PROBLEM TO WORK ON
Report every line below that has the string "define" in it.

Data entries

(* Let $\Omega\subset\mathbb{R}^n$ be a bounded domain and let $(u,v)$ solve $$u_t=d_1\Delta u+a_1u-b_1u^2-c_1uv,\qquad v_t=d_2\Delta v+\frac{a_2v}{1+k(x)u}-b_2v^2-c_2uv\quad\text{in }\Omega\times(0,\infty),$$ with $\partial_\nu u=\partial_\nu v=0$ on $\partial\Omega$ and constant initial data $u(x,0)\equiv c>0$, $v(x,0)\equiv d>0$, where $k$ satisfies the standing assumptions below. Let $\tilde k=\max_{x\in\overline\Omega}k(x)$. If $$\tilde k>\frac{a_2b_1^2-c_2a_1b_1}{a_1^2c_2}\quad\text{and}\quad\frac{a_1}{a_2}>\max\left\{\frac{b_1}{c_2},\frac{c_1}{b_2}\right\},$$ then $(u,v)$ converges uniformly on $\Omega$ to $(\frac{a_1}{b_1},0)$ as $t\to\infty$.
   Context: Standing assumptions on $k$: $k\in C^1(\overline\Omega)$, $k\ge0$, and $k$ vanishes only on a set of Lebesgue measure zero. All parameters $a_i,b_i,c_i,d_i$ are positive. *)

theory Defs
  imports "HOL-Analysis.Analysis"
begin

definition grad :: "('a::euclidean_space \<Rightarrow> real) \<Rightarrow> 'a \<Rightarrow> 'a" where
  "grad f x = (\<Sum>b\<in>Basis. frechet_derivative f (at x) b *\<^sub>R b)"

definition laplacian :: "('a::euclidean_space \<Rightarrow> real) \<Rightarrow> 'a \<Rightarrow> real" where
  "laplacian f x = (\<Sum>b\<in>Basis. frechet_derivative (\<lambda>y. frechet_derivative f (at y) b) (at x) b)"

text \<open>phi is a global C^1 defining function of Omega: Omega = {phi < 0}, grad phi nonzero on {phi = 0}.
  The outward normal on the boundary is then grad phi / |grad phi|.\<close>
definition C1_defining_function :: "('a::euclidean_space \<Rightarrow> real) \<Rightarrow> 'a set \<Rightarrow> bool" where
  "C1_defining_function \<phi> \<Omega> \<longleftrightarrow>
     (\<forall>x. \<phi> differentiable (at x)) \<and> continuous_on UNIV (grad \<phi>) \<and>
     \<Omega> = {x. \<phi> x < 0} \<and> (\<forall>x. \<phi> x = 0 \<longrightarrow> grad \<phi> x \<noteq> 0)"

definition bounded_C1_domain :: "'a::euclidean_space set \<Rightarrow> ('a \<Rightarrow> real) \<Rightarrow> bool" where
  "bounded_C1_domain \<Omega> \<phi> \<longleftrightarrow> \<Omega> \<noteq> {} \<and> open \<Omega> \<and> connected \<Omega> \<and> bounded \<Omega> \<and>
     C1_defining_function \<phi> \<Omega>"

definition C1_on_closure :: "('a::euclidean_space \<Rightarrow> real) \<Rightarrow> 'a set \<Rightarrow> bool" where
  "C1_on_closure k \<Omega> \<longleftrightarrow> continuous_on (closure \<Omega>) k \<and>
     (\<forall>x\<in>closure \<Omega>. k differentiable (at x within closure \<Omega>)) \<and>
     (\<forall>b\<in>Basis. continuous_on (closure \<Omega>) (\<lambda>x. frechet_derivative k (at x within closure \<Omega>) b))"

definition is_classical_solution ::
  "'a::euclidean_space set \<Rightarrow> ('a \<Rightarrow> real) \<Rightarrow> ('a \<Rightarrow> real) \<Rightarrow>
   real \<Rightarrow> real \<Rightarrow> real \<Rightarrow> real \<Rightarrow> real \<Rightarrow> real \<Rightarrow> real \<Rightarrow> real \<Rightarrow> real \<Rightarrow> real \<Rightarrow>
   ('a \<Rightarrow> real \<Rightarrow> real) \<Rightarrow> ('a \<Rightarrow> real \<Rightarrow> real) \<Rightarrow> bool" where
  "is_classical_solution \<Omega> \<phi> k a1 b1 c1 d1 a2 b2 c2 d2 c0 d0 u v \<longleftrightarrow>
     continuous_on (closure \<Omega> \<times> {0..}) (\<lambda>(x,t). u x t) \<and>
     continuous_on (closure \<Omega> \<times> {0..}) (\<lambda>(x,t). v x t) \<and>
     (\<forall>x\<in>closure \<Omega>. u x 0 = c0 \<and> v x 0 = d0) \<and>
     (\<forall>t>0. \<forall>x\<in>\<Omega>.
        (\<lambda>y. u y t) differentiable (at x) \<and> (\<lambda>y. v y t) differentiable (at x) \<and>
        (\<forall>b\<in>Basis. (\<lambda>y. frechet_derivative (\<lambda>z. u z t) (at y) b) differentiable (at x)) \<and>
        (\<forall>b\<in>Basis. (\<lambda>y. frechet_derivative (\<lambda>z. v z t) (at y) b) differentiable (at x)) \<and>
        ((\<lambda>s. u x s) has_real_derivative
           (d1 * laplacian (\<lambda>y. u y t) x + a1 * u x t - b1 * (u x t)\<^sup>2 - c1 * u x t * v x t)) (at t) \<and>
        ((\<lambda>s. v x s) has_real_derivative
           (d2 * laplacian (\<lambda>y. v y t) x + a2 * v x t / (1 + k x * u x t)
            - b2 * (v x t)\<^sup>2 - c2 * u x t * v x t)) (at t)) \<and>
     (\<forall>t>0. \<forall>x\<in>frontier \<Omega>.
        (\<exists>D. ((\<lambda>y. u y t) has_derivative D) (at x within closure \<Omega>) \<and> D (grad \<phi> x) = 0) \<and>
        (\<exists>D. ((\<lambda>y. v y t) has_derivative D) (at x within closure \<Omega>) \<and> D (grad \<phi> x) = 0))"

end

(*
  Everything rests on a comparison principle for scalar Neumann problems
  y_t = d \<Delta>y + G y, proved by penalisation: if \<sigma> y + h became positive, then
  e^(-\<mu> t) (\<sigma> y + h) - \<epsilon> (dist(x, S)^2 + K), with S = {\<phi> \<le> -\<delta>} a sublevel set deep
  inside \<Omega>, would attain a positive maximum at some time after t0.  At an interior
  point the equation bounds it by 2 \<epsilon> d n < \<epsilon> K; at a boundary point the penalty has a
  nonzero normal derivative, because the nearest point of S lies in the inward normal
  direction, contradicting \<partial>_\<nu> y = 0.

  Comparison with logistic ODEs gives positivity and, when \<alpha> - \<beta> y \<le> G (resp. \<ge>),
  eventual bounds y \<le> \<alpha>/\<beta> + \<eta> (resp. \<ge>).  For the system this gives u \<le> a1/b1 and
  v \<le> a2/b2 eventually, and whenever eventually v \<le> V, then u \<ge> (a1 - c1 V)/b1 and so
  v \<le> f V = (a2 - c2 (a1 - c1 V)/b1)/b2.  Under a1/a2 > max (b1/c2) (c1/b2) the affine map
  f stays a fixed distance below the diagonal on [0, a2/b2], so finitely many steps force
  v \<rightarrow> 0, and then u \<rightarrow> a1/b1.
*)

theory Submission
  imports Defs "HOL-Real_Asymp.Real_Asymp"
begin
(* Let $X$ be a normal topological space in which every $\Lambda$-set is open, and let $g,f:X\to\mathbb{R}$ be functions such that $f$ is lower semi-contra-continuous, $g$ is upper semi-contra-continuous, and $f\le g$. Then there exists a contra-continuous function $h:X\to\mathbb{R}$ such that $f\le h\le g$.
   Context: A $\Lambda$-set in $X$ is an intersection of open sets. A function $f:X\to\mathbb{R}$ is upper semi-contra-continuous (resp. lower semi-contra-continuous) if $f^{-1}(-\infty,t)$ (resp. $f^{-1}(t,+\infty)$) is closed in $X$ for every real $t$. A function $h:X\to\mathbb{R}$ is contra-continuous if the preimage of every open subset of $\mathbb{R}$ is closed in $X$. $f\le g$ means $f(x)\le g(x)$ for all $x\in X$. *)

theory Defs
  imports "HOL-Analysis.Analysis"
begin

definition lambda_set :: "'a topology \<Rightarrow> 'a set \<Rightarrow> bool" where
  "lambda_set X A \<longleftrightarrow> (\<exists>\<U>. (\<forall>U\<in>\<U>. openin X U) \<and> A = topspace X \<inter> \<Inter>\<U>)"

definition upper_semi_contra_continuous :: "'a topology \<Rightarrow> ('a \<Rightarrow> real) \<Rightarrow> bool" where
  "upper_semi_contra_continuous X f \<longleftrightarrow>
     (\<forall>t::real. closedin X {x \<in> topspace X. f x < t})"

definition lower_semi_contra_continuous :: "'a topology \<Rightarrow> ('a \<Rightarrow> real) \<Rightarrow> bool" where
  "lower_semi_contra_continuous X f \<longleftrightarrow>
     (\<forall>t::real. closedin X {x \<in> topspace X. t < f x})"

definition contra_continuous :: "'a topology \<Rightarrow> ('a \<Rightarrow> real) \<Rightarrow> bool" where
  "contra_continuous X h \<longleftrightarrow>
     (\<forall>U::real set. open U \<longrightarrow> closedin X {x \<in> topspace X. h x \<in> U})"

end

theory Submission
  imports Defs
begin

text \<open>When every \<open>\<Lambda>\<close>-set is open, the kernel of each point (the intersection of its
  open neighbourhoods) is open, so any function that is constant along the specialization
  preorder has open, hence also closed, preimages. Normality makes "the closures of \<open>{x}\<close>
  and \<open>{y}\<close> meet" an equivalence relation compatible with specialization, so
  \<open>h x = Sup (f ` [x])\<close> over the class \<open>[x]\<close> of \<open>x\<close> is such a function. Lower (upper)
  semi-contra-continuity makes \<open>f\<close> (\<open>g\<close>) monotone along specialization, which gives
  \<open>f y \<le> g x\<close> for all \<open>y \<in> [x]\<close> and thus \<open>f \<le> h \<le> g\<close>.\<close>

definition specializes :: "'a topology \<Rightarrow> 'a \<Rightarrow> 'a \<Rightarrow> bool" where
  "specializes X x y \<longleftrightarrow> y \<in> X closure_of {x}"

lemma specializes_iff:
  "specializes X x y \<longleftrightarrow>
     x \<in> topspace X \<and> y \<in> topspace X \<and> (\<forall>U. openin X U \<and> y \<in> U \<longrightarrow> x \<in> U)"
  unfolding specializes_def in_closure_of by auto

lemma specializes_refl: "x \<in> topspace X \<Longrightarrow> specializes X x x"
  by (simp add: specializes_iff)

lemma specializes_trans: "specializes X x y \<Longrightarrow> specializes X y z \<Longrightarrow> specializes X x z"
  by (simp add: specializes_iff)

lemma closedin_specializes: "closedin X C \<Longrightarrow> x \<in> C \<Longrightarrow> specializes X x y \<Longrightarrow> y \<in> C"
  unfolding specializes_def by (meson closure_of_minimal empty_subsetI insert_subset subsetD)

lemma lower_semi_contra_continuous_specializes:
  assumes "lower_semi_contra_continuous X f" and "specializes X x y"
  shows "f x \<le> f y"
proof (rule ccontr)
  assume "\<not> f x \<le> f y"
  moreover have "closedin X {z \<in> topspace X. f y < f z}"
    using assms(1) by (simp add: lower_semi_contra_continuous_def)
  moreover have "x \<in> topspace X"
    using assms(2) by (simp add: specializes_iff)
  ultimately have "y \<in> {z \<in> topspace X. f y < f z}"
    using closedin_specializes assms(2) by (metis (lifting) mem_Collect_eq not_le)
  then show False
    by simp
qed

lemma upper_semi_contra_continuous_specializes:
  assumes "upper_semi_contra_continuous X g" and "specializes X x y"
  shows "g y \<le> g x"
proof (rule ccontr)
  assume "\<not> g y \<le> g x"
  moreover have "closedin X {z \<in> topspace X. g z < g y}"
    using assms(1) by (simp add: upper_semi_contra_continuous_def)
  moreover have "x \<in> topspace X"
    using assms(2) by (simp add: specializes_iff)
  ultimately have "y \<in> {z \<in> topspace X. g z < g y}"
    using closedin_specializes assms(2) by (metis (lifting) mem_Collect_eq not_le)
  then show False
    by simp
qed

lemma normal_space_common_specialization:
  assumes "normal_space X" and ya: "specializes X y a" and yb: "specializes X y b"
  shows "\<exists>u. specializes X a u \<and> specializes X b u"
proof (rule ccontr)
  assume "\<nexists>u. specializes X a u \<and> specializes X b u"
  then have "disjnt (X closure_of {a}) (X closure_of {b})"
    unfolding disjnt_iff specializes_def by blast
  moreover have "closedin X (X closure_of {a})" "closedin X (X closure_of {b})"
    by simp_all
  ultimately obtain U V where UV: "openin X U" "openin X V" "disjnt U V"
    "X closure_of {a} \<subseteq> U" "X closure_of {b} \<subseteq> V"
    using assms(1) unfolding normal_space_def by meson
  have "specializes X a a" "specializes X b b"
    using ya yb by (simp_all add: specializes_iff)
  then have "a \<in> U" "b \<in> V"
    using UV(4,5) by (auto simp: specializes_def)
  then have "y \<in> U" "y \<in> V"
    using UV(1,2) ya yb by (simp_all add: specializes_iff)
  with UV(3) show False
    by (auto simp: disjnt_def)
qed

lemma openin_if_generization_closed:
  assumes lambda_open: "\<And>A. lambda_set X A \<Longrightarrow> openin X A"
    and "S \<subseteq> topspace X"
    and generization_closed: "\<And>x y. x \<in> S \<Longrightarrow> specializes X y x \<Longrightarrow> y \<in> S"
  shows "openin X S"
proof (subst openin_subopen, intro ballI)
  fix x assume "x \<in> S"
  define N where "N = topspace X \<inter> \<Inter>{V. openin X V \<and> x \<in> V}"
  have "lambda_set X N"
    unfolding lambda_set_def N_def by (intro exI[of _ "{V. openin X V \<and> x \<in> V}"]) auto
  then have "openin X N"
    by (rule lambda_open)
  moreover have "x \<in> N"
    using \<open>x \<in> S\<close> assms(2) N_def by auto
  moreover have "N \<subseteq> S"
    using \<open>x \<in> S\<close> assms(2) generization_closed
    by (auto simp: N_def specializes_iff)
  ultimately show "\<exists>T. openin X T \<and> x \<in> T \<and> T \<subseteq> S"
    by blast
qed

lemma contra_continuous_if_specialization_invariant:
  assumes "\<And>A. lambda_set X A \<Longrightarrow> openin X A"
    and invariant: "\<And>x y. specializes X x y \<Longrightarrow> h x = h y"
  shows "contra_continuous X h"
  unfolding contra_continuous_def
proof (intro allI impI)
  fix U :: "real set"
  have "openin X (topspace X - {x \<in> topspace X. h x \<in> U})"
    using invariant by (intro openin_if_generization_closed[OF assms(1)])
      (auto simp: specializes_iff)
  then show "closedin X {x \<in> topspace X. h x \<in> U}"
    by (simp add: closedin_def)
qed

definition specialization_class :: "'a topology \<Rightarrow> 'a \<Rightarrow> 'a set" where
  "specialization_class X x = {y. \<exists>w. specializes X x w \<and> specializes X y w}"

lemma self_in_specialization_class: "x \<in> topspace X \<Longrightarrow> x \<in> specialization_class X x"
  using specializes_refl by (fastforce simp: specialization_class_def)

lemma specialization_class_eq:
  assumes "normal_space X" and "specializes X x y"
  shows "specialization_class X x = specialization_class X y"
proof (intro set_eqI iffI)
  fix z assume "z \<in> specialization_class X x"
  then obtain w where w: "specializes X x w" "specializes X z w"
    by (auto simp: specialization_class_def)
  then obtain u where "specializes X w u" "specializes X y u"
    using normal_space_common_specialization[OF assms(1) w(1) assms(2)] by blast
  with w(2) show "z \<in> specialization_class X y"
    unfolding specialization_class_def by (blast intro: specializes_trans)
next
  fix z assume "z \<in> specialization_class X y"
  then obtain w where "specializes X y w" "specializes X z w"
    by (auto simp: specialization_class_def)
  with assms(2) show "z \<in> specialization_class X x"
    unfolding specialization_class_def by (blast intro: specializes_trans)
qed

lemma specialization_class_bound:
  assumes "lower_semi_contra_continuous X f" "upper_semi_contra_continuous X g"
    and "\<And>x. x \<in> topspace X \<Longrightarrow> f x \<le> g x"
    and "y \<in> specialization_class X x"
  shows "f y \<le> g x"
proof -
  obtain w where w: "specializes X x w" "specializes X y w"
    using assms(4) by (auto simp: specialization_class_def)
  have "f y \<le> f w"
    using lower_semi_contra_continuous_specializes[OF assms(1) w(2)] .
  also have "\<dots> \<le> g w"
    using assms(3) w(1) by (simp add: specializes_iff)
  also have "\<dots> \<le> g x"
    using upper_semi_contra_continuous_specializes[OF assms(2) w(1)] .
  finally show ?thesis .
qed

theorem corollary2:
  fixes X :: "'a topology" and f g :: "'a \<Rightarrow> real"
  assumes "normal_space X"
    and "\<And>A. lambda_set X A \<Longrightarrow> openin X A"
    and "lower_semi_contra_continuous X f"
    and "upper_semi_contra_continuous X g"
    and "\<And>x. x \<in> topspace X \<Longrightarrow> f x \<le> g x"
  shows "\<exists>h. contra_continuous X h \<and>
           (\<forall>x\<in>topspace X. f x \<le> h x \<and> h x \<le> g x)"
proof -
  define h where "h x = Sup (f ` specialization_class X x)" for x
  have "contra_continuous X h"
    using assms(1,2) by (intro contra_continuous_if_specialization_invariant)
      (simp_all add: h_def specialization_class_eq)
  moreover have "f x \<le> h x \<and> h x \<le> g x" if "x \<in> topspace X" for x
  proof
    have bound: "\<And>y. y \<in> specialization_class X x \<Longrightarrow> f y \<le> g x"
      using specialization_class_bound[OF assms(3-5)] .
    have "x \<in> specialization_class X x"
      using that by (rule self_in_specialization_class)
    then show "f x \<le> h x" "h x \<le> g x"
      unfolding h_def using bound
      by (auto intro!: cSup_upper cSup_least bdd_aboveI2)
  qed
  ultimately show ?thesis
    by blast
qed

end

EXERCISE RESPONSE
  define N where "N = topspace X \<inter> \<Inter>{V. openin X V \<and> x \<in> V}"
  define h where "h x = Sup (f ` specialization_class X x)" for x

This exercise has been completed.